The National Solar Observatory has an immediate opening for an Optical 
Engineer to participate in the design and construction of the Advanced 
Technology Solar Telescope.  The successful applicant will have a degree in 
optics, preferably a masters or Ph.D., or equivalent experience, and excellent 
formal analytical and mathematical capabilities.  Preference will be given to 
applicants with prior experience designing and modeling the performance of 
astronomical telescopes and wavefront control systems. This could include 
optical design (especially of off-axis systems), stray light analysis, 
component tolerancing, wave propagation, adaptive optics, and other 
performance-modeling tasks. Experience with ZEMAX or similar optical-design 
software is required.
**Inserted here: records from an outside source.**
lemma one_plus_M_unit:
  assumes "m \<in> M" shows "\<one> \<oplus> m \<in> Units R"
proof (rule unit_of_not_in_M)
  show "\<one> \<oplus> m \<in> carrier R" using assms M.Icarr by simp
  show "\<one> \<oplus> m \<notin> M"
  proof
    assume "\<one> \<oplus> m \<in> M"
    moreover have "\<one> = (\<one> \<oplus> m) \<ominus> m" using assms M.Icarr by algebra
    ultimately show False using assms one_not_in_M M.a_closed M.a_inv_closed by (metis a_minus_def)
  qed
qed

lemma in_M_of_add_in_M:
  assumes "x \<in> carrier R" "m \<in> M" "x \<oplus> m \<in> M" shows "x \<in> M"
proof -
  have "x = (x \<oplus> m) \<ominus> m" using assms M.Icarr by algebra
  then show ?thesis using assms M.a_closed M.a_inv_closed by (metis a_minus_def)
qed

lemma linear_combination_in_M:
  "x \<in> carrier R \<Longrightarrow> y \<in> carrier R \<Longrightarrow> m \<in> M \<Longrightarrow> n \<in> M \<Longrightarrow> x \<otimes> m \<oplus> y \<otimes> n \<in> M"
  by (simp add: M.a_closed M.I_l_closed)

lemma one_in_span_of_not_both_in_M:
  assumes "a \<in> carrier R" "c \<in> carrier R" "s \<in> carrier R" "\<not> (a \<in> M \<and> s \<otimes> c \<in> M)"
  shows "\<exists>\<alpha>\<in>carrier R. \<exists>\<beta>\<in>carrier R. \<alpha> \<otimes> a \<oplus> \<beta> \<otimes> (s \<otimes> s \<otimes> c) = \<one>"
proof (cases "a \<in> M")
  case False
  then have "inv a \<otimes> a \<oplus> \<zero> \<otimes> (s \<otimes> s \<otimes> c) = \<one>" using assms unit_of_not_in_M by simp
  then show ?thesis using assms False unit_of_not_in_M by blast
next
  case True
  then have "s \<otimes> c \<notin> M" "s \<notin> M" using assms M.I_r_closed by auto
  then have "s \<otimes> (s \<otimes> c) \<in> Units R" using assms unit_of_not_in_M by simp
  then have "\<zero> \<otimes> a \<oplus> inv (s \<otimes> s \<otimes> c) \<otimes> (s \<otimes> s \<otimes> c) = \<one>" using assms by (simp add: m_assoc)
  then show ?thesis using assms \<open>s \<otimes> (s \<otimes> c) \<in> Units R\<close> by (metis m_assoc zero_closed Units_inv_closed)
qed

lemma jacobson_eq_M: "jacobson R = M"
proof
  have "maximal_left_ideal M R"
  proof (rule maximal_left_idealI)
    fix x assume "x \<in> carrier R" "x \<notin> M"
    then have "inv x \<otimes> x \<oplus> \<zero> = \<one>" using unit_of_not_in_M by simp
    then show "\<exists>y\<in>carrier R. \<exists>l\<in>M. y \<otimes> x \<oplus> l = \<one>"
      using \<open>x \<in> carrier R\<close> \<open>x \<notin> M\<close> unit_of_not_in_M M.zero_closed by blast
  qed (use left_ideal_of_ideal M.is_ideal one_not_in_M in auto)
  then show "jacobson R \<subseteq> M" by (rule jacobson_subset_maximal_left_ideal)
next
  show "M \<subseteq> jacobson R"
  proof
    fix u assume u: "u \<in> M"
    show "u \<in> jacobson R"
    proof (rule in_jacobsonI)
      fix t assume "t \<in> carrier R"
      then have "\<one> \<ominus> t \<otimes> u \<in> Units R"
        using one_plus_M_unit M.I_l_closed M.a_inv_closed u unfolding a_minus_def by blast
      then show "\<exists>v\<in>carrier R. v \<otimes> (\<one> \<ominus> t \<otimes> u) = \<one>"
        using Units_l_inv Units_inv_closed by blast
    qed (use u M.Icarr in blast)
  qed
qed
lemma foldl_inform_settled:
  assumes "gap Q X True = gap Q X False" "suspension_consistent Q \<alpha> X s"
    and "foldl (inform Q \<alpha>) (s, acc) xs = (s', acc')"
  shows "settled (s' X) = (if X \<in> set xs \<and> s X = Idle
             then (if \<alpha> X \<le> gap Q X False then Adopted else Rejected) else settled (s X))
     \<and> (X \<in> set acc' \<longleftrightarrow> X \<in> set acc \<or> (X \<in> set xs \<and> s X = Idle \<and> \<alpha> X \<le> gap Q X False))
     \<and> suspension_consistent Q \<alpha> X s'"
  using assms(2,3)
proof (induction xs arbitrary: s acc)
  case (Cons Z xs)
  obtain s1 acc1 where s1: "inform Q \<alpha> (s, acc) Z = (s1, acc1)"
    by fastforce
  note first = inform_settled[OF assms(1) Cons.prems(1) s1]
  have "foldl (inform Q \<alpha>) (s1, acc1) xs = (s', acc')"
    using Cons.prems(2) s1 by simp
  note rest = Cons.IH[OF conjunct2[OF conjunct2[OF first]] this]
  show ?case
    using first rest by (auto split: if_splits)
qed simp

lemma foldl_inform_progress:
  assumes "foldl (inform Q \<alpha>) (s, acc) xs = (s', acc')"
  shows "(\<forall>X. s X = Adopted \<longrightarrow> s' X = Adopted)
     \<and> (\<forall>X \<in> set acc' - set acc. s X \<noteq> Adopted \<and> s' X = Adopted)"
  using assms
proof (induction xs arbitrary: s acc)
  case (Cons Z xs)
  obtain s1 acc1 where s1: "inform Q \<alpha> (s, acc) Z = (s1, acc1)"
    by fastforce
  have first: "(\<forall>X. s X = Adopted \<longrightarrow> s1 X = Adopted)
     \<and> (\<forall>X \<in> set acc1 - set acc. s X \<noteq> Adopted \<and> s1 X = Adopted)"
    using s1 by (auto simp: inform_def adopt_def Let_def split: if_splits)
  have "foldl (inform Q \<alpha>) (s1, acc1) xs = (s', acc')"
    using Cons.prems s1 by simp
  with first Cons.IH show ?case
    by blast
qed simp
Familiarity with analysis codes such as MATLAB or IDL is 
a plus.
 
Further information about the project is available at http://atst.nso.edu/.
 
Applicants should send an electronic resume (preferred) by August 8, 2006 with 
the names of at least three references.
 
NOAO offers an excellent compensation package including vacation, 
comprehensive insurance and retirement benefits, and competitive salary.
 
Please apply electronically to:  hrnoaonoao.edu (preferred) or mail to the 
address given below.
 
Make reference to the Job Title & Job Number when applying.

Send resume to:
Human Resources Office
National Optical Astronomy Observatory
P.O. Box 26732
Tucson, Arizona 85726-6732
Email: hrnoaonoao.edu
FAX: 520-318-8494

NOAO and NSO are affirmative action and equal employment opportunity employers.
Preference granted to qualified Native Americans living on or near the Tohono 
O'Odham reservation.

NOAO and NSO foster a diverse research environment. Women and candidates from 
under represented minorities are particularly encouraged to apply.